Yes, I've lost the good fight and upped and joined Twitter.

But it's not all bad. In fact, I fancy some good can yet come of this!

Summer Coda
Why... if only I'd already enlisted by the time I emerged from a preview of Richard Gray's delightful, tender début feature film, Summer Coda, on Tuesday morning just passed, so that I could have immediately let fly a pointed, pithy little snark to the effect of “Here's the film that ought've opened MIFF, had it only not been or felt beholden to run with an undercooked Premiere Funded feature instead.”

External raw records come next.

(* Write g(c) = exp (c - c^2/(4 a)), so g(0) = 1, g'(0) = 1, and for a <= 1/2 the function g is
   concave on [0, 2a], where it rises to its maximum exp a; extending it by exp a gives a concave
   majorant G of g on [0, infinity).  Let M be the common value of the positive and the negative
   part of the first moment sum p_j c_j, and x0 = M/(1 - a).  Every c_j >= 0 is handled by the
   tangent line of G at x0.  For c_j = -t < 0 we have a t <= p_j t <= M, and the two-point
   inequality a g(-t) + (1 - a) G(a t/(1 - a)) <= 1 (weights a, 1 - a at two points of mean zero),
   combined with the decrease of the chord slopes (G(x) - 1)/x, gives g(-t) <= 1 - t (G(x0) - 1)/x0.
   Summing these affine bounds, the moment conditions leave 1 + (G(x0) - x0 G'(x0) - 1)(P - (1 - a)),
   where P is the weight on the indices with c_j >= 0.  The first factor is nonnegative by
   concavity, and P <= 1 - a because some negative c_j carries weight at least a.
   The two-point inequality reduces to one real variable r in [0, 1]; it follows from a polynomial
   certificate for a <= 3/8 and from a monotonicity argument for a >= 3/8. *)

definition gauss_bump :: "real \<Rightarrow> real \<Rightarrow> real" where
  "gauss_bump a c = exp (c - c^2 / (4*a))"

lemma gauss_bump_0 [simp]: "gauss_bump a 0 = 1"
  by (simp add: gauss_bump_def)

lemma gauss_bump_pos: "0 < gauss_bump a c"
  by (simp add: gauss_bump_def)

lemma gauss_bump_le_exp:
  assumes "0 < a"
  shows "gauss_bump a c \<le> exp a"
proof -
  have "c - c^2 / (4*a) = a - (c - 2*a)^2 / (4*a)"
    using assms by (simp add: field_simps power2_eq_square)
  also have "\<dots> \<le> a"
    using assms by simp
  finally show ?thesis
    unfolding gauss_bump_def by simp
qed

lemma gauss_bump_double: "0 < a \<Longrightarrow> gauss_bump a (2*a) = exp a"
  by (simp add: gauss_bump_def power2_eq_square)

lemma gauss_bump_mono:
  assumes "0 < a" "c \<le> d" "d \<le> 2*a"
  shows "gauss_bump a c \<le> gauss_bump a d"
proof -
  have "(d - d^2 / (4*a)) - (c - c^2 / (4*a)) = (d - c) * (4*a - (c + d)) / (4*a)"
    using assms(1) by (simp add: field_simps power2_eq_square)
  also have "\<dots> \<ge> 0"
    using assms by simp
  finally show ?thesis
    unfolding gauss_bump_def by simp
qed

lemma gauss_bump_has_real_derivative:
  assumes "0 < a"
  shows "(gauss_bump a has_real_derivative (1 - x/(2*a)) * gauss_bump a x) (at x)"
  unfolding gauss_bump_def[abs_def] using assms
  by (auto intro!: derivative_eq_intros simp: field_simps)

lemma gauss_bump_below_tangent:
  assumes a: "0 < a" "a \<le> 1/2" and x: "0 \<le> x" "x \<le> 2*a" and c: "0 \<le> c" "c \<le> 2*a"
  shows "gauss_bump a c \<le> gauss_bump a x + (1 - x/(2*a)) * gauss_bump a x * (c - x)"
proof -
  define g' where "g' t = (1 - t/(2*a)) * gauss_bump a t" for t
  define g'' where "g'' t = ((1 - t/(2*a))^2 - 1/(2*a)) * gauss_bump a t" for t
  have "(g' has_real_derivative g'' t) (at t)" for t
  proof -
    have "((\<lambda>t. 1 - t/(2*a)) has_real_derivative - 1/(2*a)) (at t)"
      using a by (auto intro!: derivative_eq_intros)
    from DERIV_mult[OF this gauss_bump_has_real_derivative[OF a(1)]]
    have "(g' has_real_derivative
        - 1/(2*a) * gauss_bump a t + (1 - t/(2*a)) * gauss_bump a t * (1 - t/(2*a))) (at t)"
      unfolding g'_def[abs_def] .
    moreover have "- 1/(2*a) * gauss_bump a t + (1 - t/(2*a)) * gauss_bump a t * (1 - t/(2*a)) = g'' t"
      unfolding g''_def using a by (simp add: power2_eq_square field_simps)
    ultimately show ?thesis
      by simp
  qed
  moreover have "g'' t \<le> 0" if "t \<in> {0..2*a}" for t
  proof -
    have "(1 - t/(2*a))^2 \<le> 1"
      using that a by (intro power_le_one) (auto simp: field_simps)
    moreover have "1 \<le> 1/(2*a)"
      using a by (simp add: field_simps)
    ultimately show ?thesis
      unfolding g''_def using gauss_bump_pos[of a t] by (simp add: mult_nonpos_nonneg)
  qed
  ultimately have "- g' x * (c - x) \<le> - gauss_bump a c - - gauss_bump a x"
    using x c gauss_bump_has_real_derivative[OF a(1)] unfolding g'_def[symmetric]
    by (intro f''_imp_f'[of "{0..2*a}" _ "\<lambda>t. - g' t" "\<lambda>t. - g'' t"] DERIV_minus) auto
  then show ?thesis
    unfolding g'_def by simp
qed

lemma gauss_bump_two_point_eq:
  assumes "0 < a"
  shows "gauss_bump a (- (2*(1-a)*r)) = exp (- ((1-a)*r*((1-a)*r + 2*a)/a))"
    and "gauss_bump a (2*a*r) = exp (a*r*(2-r))"
  using assms unfolding gauss_bump_def by (simp_all add: field_simps power2_eq_square)

lemma exp_le_quadratic_small:
  fixes x :: real
  assumes "0 \<le> x" "x \<le> 3/8"
  shows "exp x \<le> 1 + x + 5/8 * x^2"
proof -
  obtain t where t: "\<bar>t\<bar> \<le> \<bar>x\<bar>" "exp x = (\<Sum>m<3. x^m / fact m) + exp t / fact 3 * x^3"
    using Maclaurin_exp_le[of x 3] by blast
  have "exp t \<le> exp (1/2)"
    using t(1) assms by simp
  also have "\<dots> \<le> 2"
    by (rule exp_half_le2)
  finally have "exp t / fact 3 * x^3 \<le> 2/6 * x^3"
    using assms by (intro mult_right_mono) (auto simp: fact_numeral)
  also have "\<dots> \<le> 1/8 * x^2"
    using mult_right_mono[OF assms(2), of "x^2"] by (simp add: power3_eq_cube power2_eq_square)
  finally show ?thesis
    using t(2) by (simp add: numeral_3_eq_3 power2_eq_square)
qed

lemma two_point_small_weight_certificate:
  fixes a r :: real
  assumes a: "0 \<le> a" "a \<le> 3/8" and r: "0 \<le> r" "r \<le> 1"
  defines "w \<equiv> (1-a)*r*((1-a)*r + 2*a)" and "x \<equiv> a*r*(2-r)"
  shows "2*a^3 \<le> (1 - (1-a) * (1 + x + 5/8*x^2)) * (2*a^2 + 2*a*w + w^2)"
proof -
  define s where "s = 8*a/3"
  have "0 \<le> s" "s \<le> 1"
    using a unfolding s_def by auto
  have a_eq: "a = 3*s/8"
    unfolding s_def by simp
  (* The difference of the two sides, divided by a (1-a) r^2, written in the Bernstein basis of
     the unit square in s = 8a/3 and r: all coefficients are positive. *)
  have B: "0 \<le> (1-s)^6*r^2*(1-r)^5 + 3*(1-s)^6*r^3*(1-r)^4 + 3*(1-s)^6*r^4*(1-r)^3
    + (1-s)^6*r^5*(1-r)^2 + (3/4)*s*(1-s)^5*(1-r)^7 + (21/4)*s*(1-s)^5*r*(1-r)^6
    + (147/8)*s*(1-s)^5*r^2*(1-r)^5 + (255/8)*s*(1-s)^5*r^3*(1-r)^4
    + (417/16)*s*(1-s)^5*r^4*(1-r)^3 + (69/8)*s*(1-s)^5*r^5*(1-r)^2
    + (45/64)*s*(1-s)^5*r^6*(1-r) + (9/64)*s*(1-s)^5*r^7 + (51/16)*s^2*(1-s)^4*(1-r)^7
    + (87/4)*s^2*(1-s)^4*r*(1-r)^6 + (2073/32)*s^2*(1-s)^4*r^2*(1-r)^5
    + (6249/64)*s^2*(1-s)^4*r^3*(1-r)^4 + (18555/256)*s^2*(1-s)^4*r^4*(1-r)^3
    + (5895/256)*s^2*(1-s)^4*r^5*(1-r)^2 + (675/256)*s^2*(1-s)^4*r^6*(1-r)
    + (171/256)*s^2*(1-s)^4*r^7 + (2661/512)*s^3*(1-s)^3*(1-r)^7
    + (69/2)*s^3*(1-s)^3*r*(1-r)^6 + (195193/2048)*s^3*(1-s)^3*r^2*(1-r)^5
    + (270627/2048)*s^3*(1-s)^3*r^3*(1-r)^4 + (92709/1024)*s^3*(1-s)^3*r^4*(1-r)^3
    + (6917/256)*s^3*(1-s)^3*r^5*(1-r)^2 + (63/16)*s^3*(1-s)^3*r^6*(1-r)
    + (675/512)*s^3*(1-s)^3*r^7 + (2031/512)*s^4*(1-s)^2*(1-r)^7
    + (52305/2048)*s^4*(1-s)^2*r*(1-r)^6 + (272643/4096)*s^4*(1-s)^2*r^2*(1-r)^5
    + (701625/8192)*s^4*(1-s)^2*r^3*(1-r)^4 + (877395/16384)*s^4*(1-s)^2*r^4*(1-r)^3
    + (240087/16384)*s^4*(1-s)^2*r^5*(1-r)^2 + (51075/16384)*s^4*(1-s)^2*r^6*(1-r)
    + (22257/16384)*s^4*(1-s)^2*r^7 + (687/512)*s^5*(1-s)*(1-r)^7
    + (8529/1024)*s^5*(1-s)*r*(1-r)^6 + (333825/16384)*s^5*(1-s)*r^2*(1-r)^5
    + (390495/16384)*s^5*(1-s)*r^3*(1-r)^4 + (420915/32768)*s^5*(1-s)*r^4*(1-r)^3
    + (3159/1024)*s^5*(1-s)*r^5*(1-r)^2 + (370089/262144)*s^5*(1-s)*r^6*(1-r)
    + (190305/262144)*s^5*(1-s)*r^7 + (69/512)*s^6*(1-r)^7 + (1617/2048)*s^6*r*(1-r)^6
    + (28093/16384)*s^6*r^2*(1-r)^5 + (25605/16384)*s^6*r^3*(1-r)^4
    + (13485/32768)*s^6*r^4*(1-r)^3 + (793/16384)*s^6*r^5*(1-r)^2
    + (78201/262144)*s^6*r^6*(1-r) + (41553/262144)*s^6*r^7" (is "0 \<le> ?B")
    using \<open>0 \<le> s\<close> \<open>s \<le> 1\<close> r by (intro add_nonneg_nonneg mult_nonneg_nonneg zero_le_power) auto
  have "0 \<le> a*(1-a)*r^2 * ?B"
    using a by (intro mult_nonneg_nonneg[OF _ B]) simp
  also have "\<dots> = (1 - (1-a) * (1 + x + 5/8*x^2)) * (2*a^2 + 2*a*w + w^2) - 2*a^3"
    unfolding w_def x_def a_eq by algebra
  finally show ?thesis
    by simp
qed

But let us not lament this lost opportunity (mine, or MIFF's). Sure, you'll all have now to wait instead till nearer its release in mid to late October to hear any tell of how lovely and moving a film Summer Coda ultimately is, recovering beautifully from a slightly wobbly first 15 minutes to have me, come the credits' roll, yearning for a home among the orange groves! (Of Victoria's Sunraysia region, that is.)

Here on in then, if I've just watched me a film, and feel that in the experience there's a high horse worth a-straddlin', you'll not be made to wait to hear tell a little bite-sized something all about it, ideally ahead of a more banquet-sized consideration of the same here and/or on my regular Thursday fortnightly spot on Richard Watts' SmartArts on Melbourne radio station 3RRR. (Exceptions being those strange, increasingly pointless instances (in a post-Twitter age) where publicists insist no advance word be leaked of a given film's merits, no matter whether that word might even turn out to be positive.)

That's all for today's show, folks.

PS A cursory scan of the index of Into the Past: The Cinema of Guy Maddin shows no mention of Jack Smith. No mention at all! So perhaps, as with even the most obsessively thorough of (cinéphile) enterprises, there will be blind spots in Beard's book yet, after all.